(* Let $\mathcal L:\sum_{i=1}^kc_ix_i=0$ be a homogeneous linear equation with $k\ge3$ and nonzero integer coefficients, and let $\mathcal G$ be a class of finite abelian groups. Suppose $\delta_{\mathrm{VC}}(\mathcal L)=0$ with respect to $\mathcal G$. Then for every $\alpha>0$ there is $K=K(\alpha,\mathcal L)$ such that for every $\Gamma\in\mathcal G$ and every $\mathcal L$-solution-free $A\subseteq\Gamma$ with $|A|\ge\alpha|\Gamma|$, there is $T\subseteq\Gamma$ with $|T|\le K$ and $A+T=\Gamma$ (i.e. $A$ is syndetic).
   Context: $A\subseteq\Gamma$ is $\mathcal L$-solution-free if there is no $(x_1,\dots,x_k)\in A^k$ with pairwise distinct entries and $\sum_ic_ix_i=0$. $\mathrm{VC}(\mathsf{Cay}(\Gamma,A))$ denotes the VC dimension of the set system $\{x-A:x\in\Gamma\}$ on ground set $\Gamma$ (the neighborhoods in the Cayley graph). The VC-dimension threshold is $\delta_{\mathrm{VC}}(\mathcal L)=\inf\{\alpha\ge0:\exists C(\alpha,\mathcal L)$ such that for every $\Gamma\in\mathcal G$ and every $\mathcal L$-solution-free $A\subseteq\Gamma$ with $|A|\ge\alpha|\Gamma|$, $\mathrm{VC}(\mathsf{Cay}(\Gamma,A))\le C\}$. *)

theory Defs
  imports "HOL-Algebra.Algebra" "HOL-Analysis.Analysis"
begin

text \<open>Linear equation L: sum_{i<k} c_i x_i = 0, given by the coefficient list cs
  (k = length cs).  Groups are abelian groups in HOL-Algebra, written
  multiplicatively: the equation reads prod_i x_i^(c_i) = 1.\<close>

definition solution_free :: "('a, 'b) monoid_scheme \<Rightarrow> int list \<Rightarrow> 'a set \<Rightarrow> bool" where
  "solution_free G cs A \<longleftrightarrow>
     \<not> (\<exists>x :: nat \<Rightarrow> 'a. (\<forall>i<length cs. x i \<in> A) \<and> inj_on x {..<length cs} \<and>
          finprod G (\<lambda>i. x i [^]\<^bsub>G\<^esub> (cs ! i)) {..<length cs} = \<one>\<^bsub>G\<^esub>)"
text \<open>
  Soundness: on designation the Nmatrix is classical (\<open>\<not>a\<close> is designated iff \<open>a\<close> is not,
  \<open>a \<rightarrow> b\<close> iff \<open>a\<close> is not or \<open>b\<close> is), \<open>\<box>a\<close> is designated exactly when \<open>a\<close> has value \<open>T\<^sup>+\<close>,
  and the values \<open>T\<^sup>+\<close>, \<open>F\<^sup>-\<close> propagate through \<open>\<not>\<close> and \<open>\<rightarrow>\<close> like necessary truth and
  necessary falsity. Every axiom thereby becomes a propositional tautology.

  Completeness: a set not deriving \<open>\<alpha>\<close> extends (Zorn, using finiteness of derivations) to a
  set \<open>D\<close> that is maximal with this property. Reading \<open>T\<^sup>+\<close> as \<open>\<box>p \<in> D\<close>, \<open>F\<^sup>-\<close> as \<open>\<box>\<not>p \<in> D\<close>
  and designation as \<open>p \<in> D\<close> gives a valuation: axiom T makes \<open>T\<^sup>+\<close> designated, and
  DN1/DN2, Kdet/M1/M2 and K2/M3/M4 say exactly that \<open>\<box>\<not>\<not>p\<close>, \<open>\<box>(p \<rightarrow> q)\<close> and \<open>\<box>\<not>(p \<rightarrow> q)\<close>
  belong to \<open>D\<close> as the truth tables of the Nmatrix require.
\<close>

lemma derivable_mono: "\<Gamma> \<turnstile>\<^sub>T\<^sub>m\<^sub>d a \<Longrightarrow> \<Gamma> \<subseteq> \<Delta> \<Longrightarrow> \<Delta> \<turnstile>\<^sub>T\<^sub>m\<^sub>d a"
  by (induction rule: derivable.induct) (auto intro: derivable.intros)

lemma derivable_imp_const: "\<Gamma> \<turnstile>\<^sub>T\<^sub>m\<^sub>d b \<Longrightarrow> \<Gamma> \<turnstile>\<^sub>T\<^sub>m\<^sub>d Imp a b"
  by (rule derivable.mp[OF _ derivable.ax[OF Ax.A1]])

-*-

Action item:
Exactly as they are written, print the entries again.

Solution to this exercise:
(* Let $\mathcal L:\sum_{i=1}^kc_ix_i=0$ be a homogeneous linear equation with $k\ge3$ and nonzero integer coefficients, and let $\mathcal G$ be a class of finite abelian groups. Suppose $\delta_{\mathrm{VC}}(\mathcal L)=0$ with respect to $\mathcal G$. Then for every $\alpha>0$ there is $K=K(\alpha,\mathcal L)$ such that for every $\Gamma\in\mathcal G$ and every $\mathcal L$-solution-free $A\subseteq\Gamma$ with $|A|\ge\alpha|\Gamma|$, there is $T\subseteq\Gamma$ with $|T|\le K$ and $A+T=\Gamma$ (i.e. $A$ is syndetic).
   Context: $A\subseteq\Gamma$ is $\mathcal L$-solution-free if there is no $(x_1,\dots,x_k)\in A^k$ with pairwise distinct entries and $\sum_ic_ix_i=0$. $\mathrm{VC}(\mathsf{Cay}(\Gamma,A))$ denotes the VC dimension of the set system $\{x-A:x\in\Gamma\}$ on ground set $\Gamma$ (the neighborhoods in the Cayley graph). The VC-dimension threshold is $\delta_{\mathrm{VC}}(\mathcal L)=\inf\{\alpha\ge0:\exists C(\alpha,\mathcal L)$ such that for every $\Gamma\in\mathcal G$ and every $\mathcal L$-solution-free $A\subseteq\Gamma$ with $|A|\ge\alpha|\Gamma|$, $\mathrm{VC}(\mathsf{Cay}(\Gamma,A))\le C\}$. *)

theory Defs
  imports "HOL-Algebra.Algebra" "HOL-Analysis.Analysis"
begin

text \<open>Linear equation L: sum_{i<k} c_i x_i = 0, given by the coefficient list cs
  (k = length cs).  Groups are abelian groups in HOL-Algebra, written
  multiplicatively: the equation reads prod_i x_i^(c_i) = 1.\<close>

definition solution_free :: "('a, 'b) monoid_scheme \<Rightarrow> int list \<Rightarrow> 'a set \<Rightarrow> bool" where
  "solution_free G cs A \<longleftrightarrow>
     \<not> (\<exists>x :: nat \<Rightarrow> 'a. (\<forall>i<length cs. x i \<in> A) \<and> inj_on x {..<length cs} \<and>
          finprod G (\<lambda>i. x i [^]\<^bsub>G\<^esub> (cs ! i)) {..<length cs} = \<one>\<^bsub>G\<^esub>)"
text \<open>
  Soundness: on designation the Nmatrix is classical (\<open>\<not>a\<close> is designated iff \<open>a\<close> is not,
  \<open>a \<rightarrow> b\<close> iff \<open>a\<close> is not or \<open>b\<close> is), \<open>\<box>a\<close> is designated exactly when \<open>a\<close> has value \<open>T\<^sup>+\<close>,
  and the values \<open>T\<^sup>+\<close>, \<open>F\<^sup>-\<close> propagate through \<open>\<not>\<close> and \<open>\<rightarrow>\<close> like necessary truth and
  necessary falsity. Every axiom thereby becomes a propositional tautology.

  Completeness: a set not deriving \<open>\<alpha>\<close> extends (Zorn, using finiteness of derivations) to a
  set \<open>D\<close> that is maximal with this property. Reading \<open>T\<^sup>+\<close> as \<open>\<box>p \<in> D\<close>, \<open>F\<^sup>-\<close> as \<open>\<box>\<not>p \<in> D\<close>
  and designation as \<open>p \<in> D\<close> gives a valuation: axiom T makes \<open>T\<^sup>+\<close> designated, and
  DN1/DN2, Kdet/M1/M2 and K2/M3/M4 say exactly that \<open>\<box>\<not>\<not>p\<close>, \<open>\<box>(p \<rightarrow> q)\<close> and \<open>\<box>\<not>(p \<rightarrow> q)\<close>
  belong to \<open>D\<close> as the truth tables of the Nmatrix require.
\<close>

lemma derivable_mono: "\<Gamma> \<turnstile>\<^sub>T\<^sub>m\<^sub>d a \<Longrightarrow> \<Gamma> \<subseteq> \<Delta> \<Longrightarrow> \<Delta> \<turnstile>\<^sub>T\<^sub>m\<^sub>d a"
  by (induction rule: derivable.induct) (auto intro: derivable.intros)

lemma derivable_imp_const: "\<Gamma> \<turnstile>\<^sub>T\<^sub>m\<^sub>d b \<Longrightarrow> \<Gamma> \<turnstile>\<^sub>T\<^sub>m\<^sub>d Imp a b"
  by (rule derivable.mp[OF _ derivable.ax[OF Ax.A1]])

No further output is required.